WHAT YOU ARE ASKED TO DO:
Here you must reproduce each line of the data exactly.

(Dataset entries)
☆ ☆ ☆ ☆
lemma borel_measurable_finite_range_apply:
  fixes F :: "real \<Rightarrow> 'a \<Rightarrow> real" and u :: "'a \<Rightarrow> real"
  assumes "finite V" "\<And>r. r \<in> space M \<Longrightarrow> u r \<in> V"
    and u: "u \<in> borel_measurable M" and F: "\<And>v. F v \<in> borel_measurable M"
  shows "(\<lambda>r. F (u r) r) \<in> borel_measurable M"
proof -
  have eq: "F (u r) r = (\<Sum>v\<in>V. indicator {r\<in>space M. u r = v} r * F v r)" if "r \<in> space M" for r
  proof -
    have "(\<Sum>v\<in>V. indicator {r\<in>space M. u r = v} r * F v r) = (\<Sum>v\<in>V. if v = u r then F v r else 0)"
      using that by (intro sum.cong) (auto simp: indicator_def)
    then show ?thesis using assms(1,2) that by (simp add: sum.delta')
  qed
  have sets: "{r\<in>space M. u r = v} \<in> sets M" for v using u by measurable
  have "(\<lambda>r. \<Sum>v\<in>V. indicator {r\<in>space M. u r = v} r * F v r) \<in> borel_measurable M"
    by (intro borel_measurable_sum borel_measurable_times borel_measurable_indicator sets F)
  then show ?thesis by (rule measurable_cong[THEN iffD1, rotated]) (simp add: eq)
qed

lemma bdd_above_range_iff_nat:
  fixes f :: "'a \<Rightarrow> real"
  shows "bdd_above (range f) \<longleftrightarrow> (\<exists>N::nat. \<forall>i. f i \<le> real N)"
proof
  assume "bdd_above (range f)"
  then obtain K where K: "\<And>i. f i \<le> K" by (auto simp: bdd_above_def)
  obtain N :: nat where "K \<le> real N" using real_arch_simple by blast
  then show "\<exists>N::nat. \<forall>i. f i \<le> real N" using K order_trans by blast
next
  assume "\<exists>N::nat. \<forall>i. f i \<le> real N"
  then show "bdd_above (range f)" by (auto intro: bdd_aboveI2)
qed

lemma borel_measurable_SUP_real:
  fixes F :: "nat \<Rightarrow> 'a \<Rightarrow> real"
  assumes [measurable]: "\<And>i. F i \<in> borel_measurable M"
  shows "(\<lambda>x. SUP i. F i x) \<in> borel_measurable M"
proof -
  define B where "B = {x \<in> space M. \<exists>N::nat. \<forall>i. F i x \<le> real N}"
  have B: "B \<in> sets M" unfolding B_def by measurable
  have "bdd_above (range (\<lambda>i. if x \<in> B then F i x else 0))" for x
    by (cases "x \<in> B") (auto simp: B_def bdd_above_range_iff_nat)
  then have "(\<lambda>x. SUP i. if x \<in> B then F i x else 0) \<in> borel_measurable M"
    using B by (intro borel_measurable_cSUP) simp_all
  then have "(\<lambda>x. if x \<in> B then SUP i. if x \<in> B then F i x else 0 else Sup (UNIV :: real set))
      \<in> borel_measurable M"
    using B by (intro measurable_If_set) simp_all
  then have meas: "(\<lambda>x. if x \<in> B then SUP i. F i x else Sup (UNIV :: real set)) \<in> borel_measurable M"
    by (simp cong: if_cong)
  have junk: "(SUP i. F i x) = Sup (UNIV :: real set)" if "x \<in> space M" "x \<notin> B" for x
    using that by (intro Sup_real_unbounded) (simp add: B_def bdd_above_range_iff_nat)
  show ?thesis using meas by (rule measurable_cong[THEN iffD1, rotated]) (simp add: junk)
qed
lemma delta_ring_Collect_measurable:
  assumes dr: "delta_ring R \<RR>" and sets_M: "sets M = sets (sigma R \<RR>)" and U: "U \<in> \<RR>"
    and P: "{r \<in> space M. P r} \<in> sets M"
  shows "{r \<in> U. P r} \<in> \<RR>"
proof -
  have R: "\<RR> \<subseteq> Pow R" using dr by (simp add: delta_ring_def)
  have "U \<subseteq> space M"
    using U R sets_eq_imp_space_eq[OF sets_M] by (auto simp: space_measure_of)
  then have "{r \<in> U. P r} = U \<inter> {r \<in> space M. P r}" by blast
  moreover have "{r \<in> space M. P r} \<in> sigma_sets R \<RR>" using P sets_M R by (simp add: sets_measure_of)
  ultimately show ?thesis using delta_ring_Int_sigma_sets[OF dr U] by simp
qed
☆ ☆ ☆ ☆
OUTPUT:
lemma borel_measurable_finite_range_apply:
  fixes F :: "real \<Rightarrow> 'a \<Rightarrow> real" and u :: "'a \<Rightarrow> real"
  assumes "finite V" "\<And>r. r \<in> space M \<Longrightarrow> u r \<in> V"
    and u: "u \<in> borel_measurable M" and F: "\<And>v. F v \<in> borel_measurable M"
  shows "(\<lambda>r. F (u r) r) \<in> borel_measurable M"
proof -
  have eq: "F (u r) r = (\<Sum>v\<in>V. indicator {r\<in>space M. u r = v} r * F v r)" if "r \<in> space M" for r
  proof -
    have "(\<Sum>v\<in>V. indicator {r\<in>space M. u r = v} r * F v r) = (\<Sum>v\<in>V. if v = u r then F v r else 0)"
      using that by (intro sum.cong) (auto simp: indicator_def)
    then show ?thesis using assms(1,2) that by (simp add: sum.delta')
  qed
  have sets: "{r\<in>space M. u r = v} \<in> sets M" for v using u by measurable
  have "(\<lambda>r. \<Sum>v\<in>V. indicator {r\<in>space M. u r = v} r * F v r) \<in> borel_measurable M"
    by (intro borel_measurable_sum borel_measurable_times borel_measurable_indicator sets F)
  then show ?thesis by (rule measurable_cong[THEN iffD1, rotated]) (simp add: eq)
qed

lemma bdd_above_range_iff_nat:
  fixes f :: "'a \<Rightarrow> real"
  shows "bdd_above (range f) \<longleftrightarrow> (\<exists>N::nat. \<forall>i. f i \<le> real N)"
proof
  assume "bdd_above (range f)"
  then obtain K where K: "\<And>i. f i \<le> K" by (auto simp: bdd_above_def)
  obtain N :: nat where "K \<le> real N" using real_arch_simple by blast
  then show "\<exists>N::nat. \<forall>i. f i \<le> real N" using K order_trans by blast
next
  assume "\<exists>N::nat. \<forall>i. f i \<le> real N"
  then show "bdd_above (range f)" by (auto intro: bdd_aboveI2)
qed

lemma borel_measurable_SUP_real:
  fixes F :: "nat \<Rightarrow> 'a \<Rightarrow> real"
  assumes [measurable]: "\<And>i. F i \<in> borel_measurable M"
  shows "(\<lambda>x. SUP i. F i x) \<in> borel_measurable M"
proof -
  define B where "B = {x \<in> space M. \<exists>N::nat. \<forall>i. F i x \<le> real N}"
  have B: "B \<in> sets M" unfolding B_def by measurable
  have "bdd_above (range (\<lambda>i. if x \<in> B then F i x else 0))" for x
    by (cases "x \<in> B") (auto simp: B_def bdd_above_range_iff_nat)
  then have "(\<lambda>x. SUP i. if x \<in> B then F i x else 0) \<in> borel_measurable M"
    using B by (intro borel_measurable_cSUP) simp_all
  then have "(\<lambda>x. if x \<in> B then SUP i. if x \<in> B then F i x else 0 else Sup (UNIV :: real set))
      \<in> borel_measurable M"
    using B by (intro measurable_If_set) simp_all
  then have meas: "(\<lambda>x. if x \<in> B then SUP i. F i x else Sup (UNIV :: real set)) \<in> borel_measurable M"
    by (simp cong: if_cong)
  have junk: "(SUP i. F i x) = Sup (UNIV :: real set)" if "x \<in> space M" "x \<notin> B" for x
    using that by (intro Sup_real_unbounded) (simp add: B_def bdd_above_range_iff_nat)
  show ?thesis using meas by (rule measurable_cong[THEN iffD1, rotated]) (simp add: junk)
qed
lemma delta_ring_Collect_measurable:
  assumes dr: "delta_ring R \<RR>" and sets_M: "sets M = sets (sigma R \<RR>)" and U: "U \<in> \<RR>"
    and P: "{r \<in> space M. P r} \<in> sets M"
  shows "{r \<in> U. P r} \<in> \<RR>"
proof -
  have R: "\<RR> \<subseteq> Pow R" using dr by (simp add: delta_ring_def)
  have "U \<subseteq> space M"
    using U R sets_eq_imp_space_eq[OF sets_M] by (auto simp: space_measure_of)
  then have "{r \<in> U. P r} = U \<inter> {r \<in> space M. P r}" by blast
  moreover have "{r \<in> space M. P r} \<in> sigma_sets R \<RR>" using P sets_M R by (simp add: sets_measure_of)
  ultimately show ?thesis using delta_ring_Int_sigma_sets[OF dr U] by simp
qed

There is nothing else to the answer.